_WHAT IS BEING ASKED_
Print exactly what the entries say, line by line, from the first line down to the one with "sin (2 * pi", inclusive.

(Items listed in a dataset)
____________________

(* Let $\Xi$, $x_0=1-x_1-x_2$, $F_\beta$, $\beta_3$, $p_\beta$ be as in the context, let $\beta_1=2$, and for $\beta>\beta_3$ let $h_\beta=F_\beta(p_\beta,p_\beta)$ (which equals $F_\beta(1-2p_\beta,p_\beta)=F_\beta(p_\beta,1-2p_\beta)$). Then there exists $\beta_2\in(\beta_3,\beta_1)$ such that $h_\beta>0$ for $\beta\in(\beta_3,\beta_2)$, $h_{\beta_2}=0$, and $h_\beta<0$ for $\beta\in(\beta_2,\beta_1)$.
   Context: $\Xi=\{(x_1,x_2): x_1,x_2\ge0,\ x_1+x_2\le1\}$, $x_0=1-x_1-x_2$, and $F_\beta(\mathbf{x})=-\frac12|\sum_{k=0}^2x_k\mathbf{v}_k|^2+\frac1\beta\sum_{k=0}^2x_k\log(3x_k)$ with $\mathbf{v}_k=(\cos(2\pi k/3),\sin(2\pi k/3))$; note $F_\beta(1/3,1/3)=0$. Define $f_0(t)=\frac{2}{3(1-3t)}\log\frac{1-2t}{t}$ for $t\in(0,1/2)\setminus\{1/3\}$, $f_0(1/3)=2$; $m_0$ is the minimizer of $f_0$ and $\beta_3=f_0(m_0)$. For $\beta>\beta_3$, $p_\beta$ is the smaller of the two solutions of $f_0(t)=\beta$ in $(0,1/2)$ (so $p_\beta<m_0$). *)

theory Defs
  imports Complex_Main
begin

definition vx :: "nat \<Rightarrow> real" where "vx k = cos (2 * pi * real k / 3)"
definition vy :: "nat \<Rightarrow> real" where "vy k = sin (2 * pi * real k / 3)"

definition bary :: "real \<Rightarrow> real \<Rightarrow> nat \<Rightarrow> real" where
  "bary x1 x2 k = (if k = 0 then 1 - x1 - x2 else if k = 1 then x1 else x2)"

definition Fbeta :: "real \<Rightarrow> real \<Rightarrow> real \<Rightarrow> real" where
  "Fbeta \<beta> x1 x2 =
     - (1/2) * ((\<Sum>k\<le>2. bary x1 x2 k * vx k)\<^sup>2 + (\<Sum>k\<le>2. bary x1 x2 k * vy k)\<^sup>2)
     + (1/\<beta>) * (\<Sum>k\<le>2. bary x1 x2 k * ln (3 * bary x1 x2 k))"

definition f0 :: "real \<Rightarrow> real" where
  "f0 t = (if t = 1/3 then 2 else 2 / (3 * (1 - 3*t)) * ln ((1 - 2*t) / t))"

definition m0 :: real where
  "m0 = (THE m. 0 < m \<and> m < 1/2 \<and> (\<forall>t. 0 < t \<and> t < 1/2 \<longrightarrow> f0 m \<le> f0 t))"

definition beta3 :: real where "beta3 = f0 m0"

definition beta1 :: real where "beta1 = 2"

definition pbeta :: "real \<Rightarrow> real" where
  "pbeta \<beta> = (LEAST t. 0 < t \<and> t < 1/2 \<and> f0 t = \<beta>)"

definition hbeta :: "real \<Rightarrow> real" where
  "hbeta \<beta> = Fbeta \<beta> (pbeta \<beta>) (pbeta \<beta>)"

end

theory Submission
  imports Defs
begin
(* Let $m\ge 3$ be an integer and let $f(x_1,x_2,x_3)=a_1P_m(x_1)+a_2P_m(x_2)+a_3P_m(x_3)$ with $a_1,a_2,a_3$ positive integers. Let $L=\mathbb{Z}\mathbf{e}_1+\mathbb{Z}\mathbf{e}_2+\mathbb{Z}\mathbf{e}_3$ be a $\mathbb{Z}$-lattice with Gram matrix $(B(\mathbf{e}_i,\mathbf{e}_j))=\mathrm{diag}(a_1c^2,a_2c^2,a_3c^2)$, and let $\mathbf{v}=-\frac{d}{c}(\mathbf{e}_1+\mathbf{e}_2+\mathbf{e}_3)\in\mathbb{Q}L$. Then $f$ is regular if and only if the $\mathbb{Z}$-coset $L+\mathbf{v}$ is tight regular.
   Context: $P_m(x)=\frac{(m-2)x^2-(m-4)x}{2}$. Define $\delta=4$ if $m$ is odd, $\delta=2$ if $m\equiv2\pmod4$, $\delta=1$ if $m\equiv0\pmod4$; $c=\delta\frac{m-2}{2}$, $d=\delta\frac{m-4}{4}$. An integer $n$ is locally represented by $f$ if $f=n$ is solvable over $\mathbb{Z}_p$ for every prime $p$ and over $\mathbb{R}$; $f$ is regular if it represents (over $\mathbb{Z}$) every nonnegative integer locally represented by $f$. For the coset: $Q$ is the quadratic map of $\mathbb{Q}L$ with $B(\mathbf{x},\mathbf{y})=\frac12(Q(\mathbf{x}+\mathbf{y})-Q(\mathbf{x})-Q(\mathbf{y}))$; an integer $n$ is represented by $L+\mathbf{v}$ if $n=Q(\mathbf{x}+\mathbf{v})$ for some $\mathbf{x}\in L$, and locally represented if for every prime $p$ there is $\mathbf{x}_p\in L\otimes\mathbb{Z}_p$ with $Q(\mathbf{x}_p+\mathbf{v})=n$. With $\min(L+\mathbf{v})=\min\{Q(\mathbf{x}+\mathbf{v}):\mathbf{x}\in L\}$, the coset $L+\mathbf{v}$ is tight regular if it represents every locally represented integer that is $\ge\min(L+\mathbf{v})$. *)

theory Defs
  imports "HOL-Number_Theory.Number_Theory" Complex_Main
begin

(* m-gonal number P_m(x) = ((m-2)x^2 - (m-4)x)/2; the numerator is always even
   (it equals (m-2)(x^2-x) + 2x), so integer division is exact. *)
definition polyg :: "int \<Rightarrow> int \<Rightarrow> int" where
  "polyg m x = ((m - 2) * x^2 - (m - 4) * x) div 2"

definition polygR :: "int \<Rightarrow> real \<Rightarrow> real" where
  "polygR m x = ((real_of_int m - 2) * x^2 - (real_of_int m - 4) * x) / 2"

definition delta :: "int \<Rightarrow> int" where
  "delta m = (if odd m then 4 else if m mod 4 = 2 then 2 else 1)"

(* c = delta (m-2)/2 and d = delta (m-4)/4 ; both are integers (exact divisions) *)
definition cc :: "int \<Rightarrow> int" where
  "cc m = delta m * (m - 2) div 2"

definition dd :: "int \<Rightarrow> int" where
  "dd m = delta m * (m - 4) div 4"

definition fform :: "int \<Rightarrow> int \<Rightarrow> int \<Rightarrow> int \<Rightarrow> int \<Rightarrow> int \<Rightarrow> int \<Rightarrow> int" where
  "fform m a1 a2 a3 x1 x2 x3 = a1 * polyg m x1 + a2 * polyg m x2 + a3 * polyg m x3"

definition fformR :: "int \<Rightarrow> int \<Rightarrow> int \<Rightarrow> int \<Rightarrow> real \<Rightarrow> real \<Rightarrow> real \<Rightarrow> real" where
  "fformR m a1 a2 a3 x1 x2 x3 =
     of_int a1 * polygR m x1 + of_int a2 * polygR m x2 + of_int a3 * polygR m x3"

(* Solvability of f = n over Z_p, expressed (no p-adic integers in the library)
   as solvability modulo every power p^k; by compactness of Z_p and density of Z
   in Z_p this is equivalent to solvability over Z_p. *)
definition f_loc_Zp :: "int \<Rightarrow> int \<Rightarrow> int \<Rightarrow> int \<Rightarrow> int \<Rightarrow> int \<Rightarrow> bool" where
  "f_loc_Zp m a1 a2 a3 p n =
     (\<forall>k::nat. \<exists>x1 x2 x3 :: int. [fform m a1 a2 a3 x1 x2 x3 = n] (mod p ^ k))"

definition f_loc_rep :: "int \<Rightarrow> int \<Rightarrow> int \<Rightarrow> int \<Rightarrow> int \<Rightarrow> bool" where
  "f_loc_rep m a1 a2 a3 n =
     ((\<forall>p::int. prime p \<longrightarrow> f_loc_Zp m a1 a2 a3 p n) \<and>
      (\<exists>x1 x2 x3 :: real. fformR m a1 a2 a3 x1 x2 x3 = of_int n))"

definition f_rep :: "int \<Rightarrow> int \<Rightarrow> int \<Rightarrow> int \<Rightarrow> int \<Rightarrow> bool" where
  "f_rep m a1 a2 a3 n = (\<exists>x1 x2 x3 :: int. fform m a1 a2 a3 x1 x2 x3 = n)"

definition f_regular :: "int \<Rightarrow> int \<Rightarrow> int \<Rightarrow> int \<Rightarrow> bool" where
  "f_regular m a1 a2 a3 =
     (\<forall>n::int. n \<ge> 0 \<longrightarrow> f_loc_rep m a1 a2 a3 n \<longrightarrow> f_rep m a1 a2 a3 n)"

(* The lattice L = Z e1 + Z e2 + Z e3 with Gram matrix diag(g1,g2,g3), vectors of QL
   written in coordinates w.r.t. e1,e2,e3 (embedded in the reals); its quadratic map is
   Q(y1 e1 + y2 e2 + y3 e3) = g1 y1^2 + g2 y2^2 + g3 y3^2. *)
definition Qdiag :: "int \<Rightarrow> int \<Rightarrow> int \<Rightarrow> real \<Rightarrow> real \<Rightarrow> real \<Rightarrow> real" where
  "Qdiag g1 g2 g3 y1 y2 y3 = of_int g1 * y1^2 + of_int g2 * y2^2 + of_int g3 * y3^2"

definition coset_val :: "int \<Rightarrow> int \<Rightarrow> int \<Rightarrow> real \<Rightarrow> real \<Rightarrow> real \<Rightarrow> int \<Rightarrow> int \<Rightarrow> int \<Rightarrow> real" where
  "coset_val g1 g2 g3 v1 v2 v3 x1 x2 x3 =
     Qdiag g1 g2 g3 (of_int x1 + v1) (of_int x2 + v2) (of_int x3 + v3)"

definition coset_rep :: "int \<Rightarrow> int \<Rightarrow> int \<Rightarrow> real \<Rightarrow> real \<Rightarrow> real \<Rightarrow> int \<Rightarrow> bool" where
  "coset_rep g1 g2 g3 v1 v2 v3 n =
     (\<exists>x1 x2 x3 :: int. coset_val g1 g2 g3 v1 v2 v3 x1 x2 x3 = of_int n)"

(* local representation at p: Q(x_p + v) = n for some x_p in L (x) Z_p, rendered as
   Q(x + v) - n \<in> p^k Z for some x in L, for every k *)
definition coset_loc_rep :: "int \<Rightarrow> int \<Rightarrow> int \<Rightarrow> real \<Rightarrow> real \<Rightarrow> real \<Rightarrow> int \<Rightarrow> bool" where
  "coset_loc_rep g1 g2 g3 v1 v2 v3 n =
     (\<forall>p::int. prime p \<longrightarrow> (\<forall>k::nat. \<exists>x1 x2 x3 t :: int.
        coset_val g1 g2 g3 v1 v2 v3 x1 x2 x3 = of_int n + of_int (p ^ k) * of_int t))"

definition coset_min :: "int \<Rightarrow> int \<Rightarrow> int \<Rightarrow> real \<Rightarrow> real \<Rightarrow> real \<Rightarrow> real" where
  "coset_min g1 g2 g3 v1 v2 v3 =
     Inf {coset_val g1 g2 g3 v1 v2 v3 x1 x2 x3 | x1 x2 x3. True}"
text \<open>The run on the full list (state w) and the run without bidder k (state w') are compared
under the invariant that they agree off k and k has not won yet; as long as k's winning pair has
not been reached, each step preserves it.\<close>

lemma greedy_run_blocked_after_winner:
  assumes "greedy_run L cap w k = Some Sk" "w k = None" "\<forall>i. i \<noteq> k \<longrightarrow> w i = w' i"
    and "greedy_run L cap w j = None"
    and "greedy_run (filter (\<lambda>p. fst p \<noteq> k) L) cap w' j = Some T"
  shows "\<exists>L1 L2. L = L1 @ (k, Sk) # L2 \<and> (j, T) \<in> set L2"
  using assms
proof (induction L arbitrary: cap w w')
  case Nil thus ?case by simp
next
  case (Cons p L)
  obtain i S where p: "p = (i, S)" by fastforce
  let ?del = "filter (\<lambda>p. fst p \<noteq> k)"
  show ?case
  proof (cases "i = k \<and> (\<forall>r. S r \<le> cap r)")
    case True
    hence run: "greedy_run (p # L) cap w = greedy_run L (\<lambda>r. cap r - S r) (w(k := Some S))"
      using p Cons.prems(2) by simp
    have "Sk = S"
      using Cons.prems(1) run greedy_run_keeps_winner[of "w(k := Some S)" k S] by simp
    have "j \<noteq> k"
      using Cons.prems(1,4) by auto
    hence "w' j = None"
      using Cons.prems(3,4) run greedy_run_None[of L _ "w(k := Some S)" j] by fastforce
    moreover have "?del (p # L) = ?del L" using p True by simp
    ultimately have "(j, T) \<in> set L"
      using Cons.prems(5) greedy_run_Some_in_list by fastforce
    thus ?thesis using p True \<open>Sk = S\<close> by (intro exI[of _ "[]"] exI[of _ L]) simp
  next
    case False
    obtain cap1 w1 w1' where
      run: "greedy_run (p # L) cap w = greedy_run L cap1 w1" and
      run': "greedy_run (?del (p # L)) cap w' = greedy_run (?del L) cap1 w1'" and
      inv: "w1 k = None" "\<forall>i. i \<noteq> k \<longrightarrow> w1 i = w1' i"
    proof (cases "i \<noteq> k \<and> w i = None \<and> (\<forall>r. S r \<le> cap r)")
      case True
      with Cons.prems(3) have "w' i = None" by auto
      with True p Cons.prems(2,3) show ?thesis
        by (intro that[of "\<lambda>r. cap r - S r" "w(i := Some S)" "w'(i := Some S)"]) auto
    next
      case rejected: False
      show ?thesis
      proof (cases "i = k")
        case True
        with p False show ?thesis by (intro that[of cap w w']) (use Cons.prems(2,3) in auto)
      next
        case False
        with Cons.prems(3) have "w i = w' i" by auto
        with False p rejected show ?thesis
          by (intro that[of cap w w']) (use Cons.prems(2,3) in auto)
      qed
    qed
    then obtain L1 L2 where "L = L1 @ (k, Sk) # L2 \<and> (j, T) \<in> set L2"
      using Cons.IH[of cap1 w1 w1'] Cons.prems run run' by auto
    thus ?thesis by (intro exI[of _ "p # L1"] exI[of _ L2]) simp
  qed
qed

lemma blocked_subset_list: "blocked L Q k \<subseteq> set L"
  unfolding blocked_def using greedy_alloc_Some_in_list by fastforce

lemma blocked_ratio_le_winner:
  assumes sorted: "sorted_wrt (\<lambda>p q. ratio b \<omega> q \<le> ratio b \<omega> p) L"
    and win: "greedy_alloc L Q k = Some Sk" and jT: "(j, T) \<in> blocked L Q k"
  shows "ratio b \<omega> (j, T) \<le> ratio b \<omega> (k, Sk)"
proof -
  obtain L1 L2 where L: "L = L1 @ (k, Sk) # L2" and "(j, T) \<in> set L2"
    using greedy_run_blocked_after_winner[of L Q "\<lambda>_. None" k Sk "\<lambda>_. None" j T] win jT
    unfolding blocked_def greedy_alloc_def by auto
  moreover have "sorted_wrt (\<lambda>p q. ratio b \<omega> q \<le> ratio b \<omega> p) ((k, Sk) # L2)"
    using sorted L sorted_wrt_append by blast
  ultimately show ?thesis by simp
qed

lemma wsize_pos:
  assumes "\<forall>r. \<omega> r > 0" "S \<noteq> (\<lambda>_. 0)"
  shows "wsize \<omega> S > 0"
proof -
  obtain r0 where "S r0 \<noteq> 0" using assms(2) by auto
  hence "0 < \<omega> r0 * real (S r0)" using assms(1) by simp
  thus ?thesis unfolding wsize_def
    using assms(1) by (intro sum_pos2[of UNIV r0]) (auto simp: less_imp_le)
qed

lemma greedy_payment_le_bid:
  assumes pos: "\<forall>r. \<omega> r > 0" and sorted: "sorted_wrt (\<lambda>p q. ratio b \<omega> q \<le> ratio b \<omega> p) L"
    and win: "greedy_alloc L Q k = Some Sk" and nz: "Sk \<noteq> (\<lambda>_. 0)" and bid: "b k Sk \<ge> 0"
  shows "greedy_payment b \<omega> L Q k \<le> b k Sk"
proof (cases "blocked L Q k = {}")
  case True
  thus ?thesis unfolding greedy_payment_def using bid by simp
next
  case False
  have wpos: "wsize \<omega> Sk > 0" using wsize_pos[OF pos nz] .
  have "b j T / sqrt (wsize \<omega> T) * sqrt (wsize \<omega> Sk) \<le> b k Sk" if "(j, T) \<in> blocked L Q k" for j T
  proof -
    have "b j T / sqrt (wsize \<omega> T) \<le> b k Sk / sqrt (wsize \<omega> Sk)"
      using blocked_ratio_le_winner[OF sorted win that] unfolding ratio_def by simp
    hence "b j T / sqrt (wsize \<omega> T) * sqrt (wsize \<omega> Sk) \<le> b k Sk / sqrt (wsize \<omega> Sk) * sqrt (wsize \<omega> Sk)"
      by (rule mult_right_mono) (use wpos in simp)
    thus ?thesis using wpos by simp
  qed
  moreover have "finite (blocked L Q k)"
    using finite_subset[OF blocked_subset_list] by simp
  ultimately have "Max ((\<lambda>(j, T). b j T / sqrt (wsize \<omega> T) * sqrt (wsize \<omega> Sk)) ` blocked L Q k)
      \<le> b k Sk"
    using False by (intro Max.boundedI) auto
  thus ?thesis unfolding greedy_payment_def Let_def using False win by simp
qed

theorem theorem3p1:
  fixes N :: "'b set" and B :: "'b \<Rightarrow> ('r::finite \<Rightarrow> nat) set"
    and b v :: "'b \<Rightarrow> ('r \<Rightarrow> nat) \<Rightarrow> real"
    and \<beta> :: "'r \<Rightarrow> real" and Q :: "'r \<Rightarrow> nat" and k :: 'b
  assumes finN: "finite N"
    and finB: "\<forall>i\<in>N. finite (B i)"
    and nonzero: "\<forall>i\<in>N. \<forall>S\<in>B i. S \<noteq> (\<lambda>_. 0)"
    and bid_nonneg: "\<forall>i\<in>N. \<forall>S\<in>B i. b i S \<ge> 0"
    and val_nonneg: "\<forall>i\<in>N. \<forall>S\<in>B i. v i S \<ge> 0"
    and beta_nonneg: "\<forall>r. \<beta> r \<ge> 0"
    and standing: "\<forall>i\<in>N. \<forall>S\<in>B i. v i S \<ge> base_price \<beta> S"
    and kN: "k \<in> N"
    and truthful: "\<forall>S\<in>B k. b k S = v k S"
  shows "(\<forall>x Sk. feasible N B Q x \<and> welfare N b x = opt_welfare N B b Q \<and> x k = Some Sk
             \<longrightarrow> v k Sk - ruleA_price \<beta> N B b Q x k \<ge> 0)
       \<and> (\<forall>\<omega> L Sk. (\<forall>r. \<omega> r > 0) \<and> greedy_list_ok N B b \<omega> L \<and> greedy_alloc L Q k = Some Sk
             \<longrightarrow> v k Sk - ruleB_price \<beta> b \<omega> L Q k \<ge> 0)"
proof (intro conjI allI impI)
  fix x Sk
  assume x: "feasible N B Q x \<and> welfare N b x = opt_welfare N B b Q \<and> x k = Some Sk"
  hence "Sk \<in> B k" unfolding feasible_def by blast
  moreover have "vcg_payment N B b Q x k \<le> b k Sk"
    using vcg_payment_le_bid[OF finN finB kN] x by fastforce
  ultimately show "v k Sk - ruleA_price \<beta> N B b Q x k \<ge> 0"
    using standing kN truthful x unfolding ruleA_price_def by simp
next
  fix \<omega> L Sk
  assume a: "(\<forall>r. \<omega> r > (0::real)) \<and> greedy_list_ok N B b \<omega> L \<and> greedy_alloc L Q k = Some Sk"
  hence "Sk \<in> B k"
    using greedy_alloc_Some_in_list[of L Q k Sk] unfolding greedy_list_ok_def by auto
  moreover have "greedy_payment b \<omega> L Q k \<le> b k Sk"
    using a calculation nonzero bid_nonneg kN unfolding greedy_list_ok_def
    by (intro greedy_payment_le_bid) auto
  ultimately show "v k Sk - ruleB_price \<beta> b \<omega> L Q k \<ge> 0"
    using standing kN truthful a unfolding ruleB_price_def by simp
qed

end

____________________

_RESULT OF THIS TASK_
(* Let $\Xi$, $x_0=1-x_1-x_2$, $F_\beta$, $\beta_3$, $p_\beta$ be as in the context, let $\beta_1=2$, and for $\beta>\beta_3$ let $h_\beta=F_\beta(p_\beta,p_\beta)$ (which equals $F_\beta(1-2p_\beta,p_\beta)=F_\beta(p_\beta,1-2p_\beta)$). Then there exists $\beta_2\in(\beta_3,\beta_1)$ such that $h_\beta>0$ for $\beta\in(\beta_3,\beta_2)$, $h_{\beta_2}=0$, and $h_\beta<0$ for $\beta\in(\beta_2,\beta_1)$.
   Context: $\Xi=\{(x_1,x_2): x_1,x_2\ge0,\ x_1+x_2\le1\}$, $x_0=1-x_1-x_2$, and $F_\beta(\mathbf{x})=-\frac12|\sum_{k=0}^2x_k\mathbf{v}_k|^2+\frac1\beta\sum_{k=0}^2x_k\log(3x_k)$ with $\mathbf{v}_k=(\cos(2\pi k/3),\sin(2\pi k/3))$; note $F_\beta(1/3,1/3)=0$. Define $f_0(t)=\frac{2}{3(1-3t)}\log\frac{1-2t}{t}$ for $t\in(0,1/2)\setminus\{1/3\}$, $f_0(1/3)=2$; $m_0$ is the minimizer of $f_0$ and $\beta_3=f_0(m_0)$. For $\beta>\beta_3$, $p_\beta$ is the smaller of the two solutions of $f_0(t)=\beta$ in $(0,1/2)$ (so $p_\beta<m_0$). *)

theory Defs
  imports Complex_Main
begin

definition vx :: "nat \<Rightarrow> real" where "vx k = cos (2 * pi * real k / 3)"
definition vy :: "nat \<Rightarrow> real" where "vy k = sin (2 * pi * real k / 3)"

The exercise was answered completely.